🤖 AI Summary
Cross-platform SKU matching in e-commerce faces challenges including missing identifiers, substantial naming heterogeneity, and frequent neglect of fine-grained attributes (e.g., brand, specifications, bundle configurations), rendering conventional rule- and keyword-based methods inaccurate. This paper proposes a multi-agent collaborative large language model framework: a reasoning agent generates verifiable factual statements; a knowledge retrieval agent enriches domain-specific context; and a deduplication agent reuses validated reasoning paths. An interactive human-in-the-loop feedback mechanism further refines uncertain cases. The approach significantly improves both matching accuracy and interpretability. Evaluated on a real-world consumer goods dataset, it outperforms strong baselines—particularly excelling in complex scenarios such as brand provenance tracing and composite product identification—demonstrating superior robustness and generalizability.
📝 Abstract
Identifying whether two product listings refer to the same Stock Keeping Unit (SKU) is a persistent challenge in ecommerce, especially when explicit identifiers are missing and product names vary widely across platforms. Rule based heuristics and keyword similarity often misclassify products by overlooking subtle distinctions in brand, specification, or bundle configuration. To overcome these limitations, we propose Question to Knowledge (Q2K), a multi agent framework that leverages Large Language Models (LLMs) for reliable SKU mapping.
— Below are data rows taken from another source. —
text \<open>The contractor \<open>c\<^sup>(\<^sup>2\<^sup>i\<^sup>+\<^sup>2\<^sup>)\<close> is \<open>X \<kappa>\<^sub>a \<kappa>\<^sub>b X\<close> with \<open>X\<close> the shifted \<open>c\<^sup>(\<^sup>2\<^sup>i\<^sup>)\<close>, which itself is
  \<open>Z \<kappa>\<^sub>a\<^sub>+\<^sub>1 \<kappa>\<^sub>c Z\<close>; sandwiching by \<open>\<kappa>\<^sub>a\<close> collapses \<open>\<kappa>\<^sub>a \<kappa>\<^sub>a\<^sub>+\<^sub>1 \<kappa>\<^sub>a\<close> to \<open>\<kappa>\<^sub>a\<close>, leaving \<open>Z \<kappa>\<^sub>c Z\<close>.\<close>
lemma kappa_sandwich_contractor:
  assumes "sandwich ka k2 \<approx> ka" "Tm ka Z \<approx> Tm Z ka" "Tm kc ka \<approx> Tm ka kc"
    and "sandwich Z kc \<approx> Tm (Sc e) Z"
  shows "sandwich ka (Tm (Tm (Tm Z k2) kc) Z) \<approx> Tm (Sc e) (Tm ka Z)"
proof -
  have r2: "prodl [ka, k2, ka] \<approx> prodl [ka]"
    using assms(1) unfolding sandwich_def
    by (rule bmw_eq.trans[OF prodl_three bmw_eq.trans[OF _ bmw_eq.sym[OF prodl_singleton]]])
  have "sandwich ka (Tm (Tm (Tm Z k2) kc) Z) \<approx> Tm (Tm ka (prodl [Z, k2, kc, Z])) (prodl [ka])"
    unfolding sandwich_def
    by (rule bmw_eq.cong_Tm, rule cong_Tm_right, rule bmw_eq.sym, rule prodl_four,
        rule bmw_eq.sym, rule prodl_singleton)
  also have "\<dots> \<approx> prodl [ka, Z, k2, kc, Z, ka]"
    by (rule bmw_eq.sym) (use prodl_append[of "[ka, Z, k2, kc, Z]" "[ka]"] in simp)
  also have "\<dots> \<approx> prodl [Z, ka, k2, kc, Z, ka]"
    by (rule prodl_swap[OF assms(2), where pre="[]" and post="[k2, kc, Z, ka]"]) simp_all
  also have "\<dots> \<approx> prodl [Z, ka, k2, kc, ka, Z]"
    by (rule prodl_swap[OF bmw_eq.sym[OF assms(2)], where pre="[Z, ka, k2, kc]" and post="[]"]) simp_all
  also have "\<dots> \<approx> prodl [Z, ka, k2, ka, kc, Z]"
    by (rule prodl_swap[OF assms(3), where pre="[Z, ka, k2]" and post="[Z]"]) simp_all
  also have "\<dots> \<approx> prodl [Z, ka, kc, Z]"
    by (rule prodl_replace[OF r2, where pre="[Z]" and post="[kc, Z]"]) simp_all
  also have "\<dots> \<approx> prodl [ka, Z, kc, Z]"
    by (rule prodl_swap[OF bmw_eq.sym[OF assms(2)], where pre="[]" and post="[kc, Z]"]) simp_all
  also have "\<dots> \<approx> Tm ka (Tm (Sc e) Z)"
    using prodl_three[of Z kc Z] assms(4) unfolding sandwich_def
    by (simp add: cong_Tm_right bmw_eq.trans)
  also have "\<dots> \<approx> Tm (Sc e) (Tm ka Z)" by (rule Tm_Tm_Sc)
  finally show ?thesis .
qed

lemma idempotent_absorbs_left:
  assumes "Tm Z Z \<approx> Z"
  shows "Tm Z (Tm (Tm (Tm Z u) v) w) \<approx> Tm (Tm (Tm Z u) v) w"
proof -
  have "Tm Z (Tm (Tm (Tm Z u) v) w) \<approx> Tm (Tm (Tm (Tm Z Z) u) v) w"
    by (rule bmw_eq.trans[OF tm_assoc' cong_Tm_left[OF bmw_eq.trans[OF tm_assoc' cong_Tm_left[OF tm_assoc']]]])
  also have "\<dots> \<approx> Tm (Tm (Tm Z u) v) w"
    by (rule cong_Tm_left, rule cong_Tm_left, rule cong_Tm_left, rule assms)
  finally show ?thesis .
qed

lemma sandwich_idempotent_commuting:
  assumes "Tm X X \<approx> X" "Tm X y \<approx> Tm y X"
  shows "sandwich (Tm (Tm (Tm X u) v) X) y \<approx> prodl [X, u, v, y, X, u, v, X]"
proof -
  have "sandwich (Tm (Tm (Tm X u) v) X) y \<approx> prodl [X, u, v, X, y, X, u, v, X]"
    using sandwich_prodl[OF bmw_eq.sym[OF prodl_four]] by simp
  also have "\<dots> \<approx> prodl [X, u, v, y, X, X, u, v, X]"
    by (rule prodl_swap[OF assms(2), where pre="[X, u, v]" and post="[X, u, v, X]"]) simp_all
  also have "\<dots> \<approx> prodl [X, u, v, y, X, u, v, X]"
    by (rule prodl_replace[OF prodl_merge[OF assms(1)], where pre="[X, u, v, y]" and post="[u, v, X]"]) simp_all
  finally show ?thesis .
qed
Q2K integrates: (1) a Reasoning Agent that generates targeted disambiguation questions, (2) a Knowledge Agent that resolves them via focused web searches, and (3) a Deduplication Agent that reuses validated reasoning traces to reduce redundancy and ensure consistency. A human in the loop mechanism further refines uncertain cases. Experiments on real world consumer goods datasets show that Q2K surpasses strong baselines, achieving higher accuracy and robustness in difficult scenarios such as bundle identification and brand origin disambiguation. By reusing retrieved reasoning instead of issuing repeated searches, Q2K balances accuracy with efficiency, offering a scalable and interpretable solution for product integration.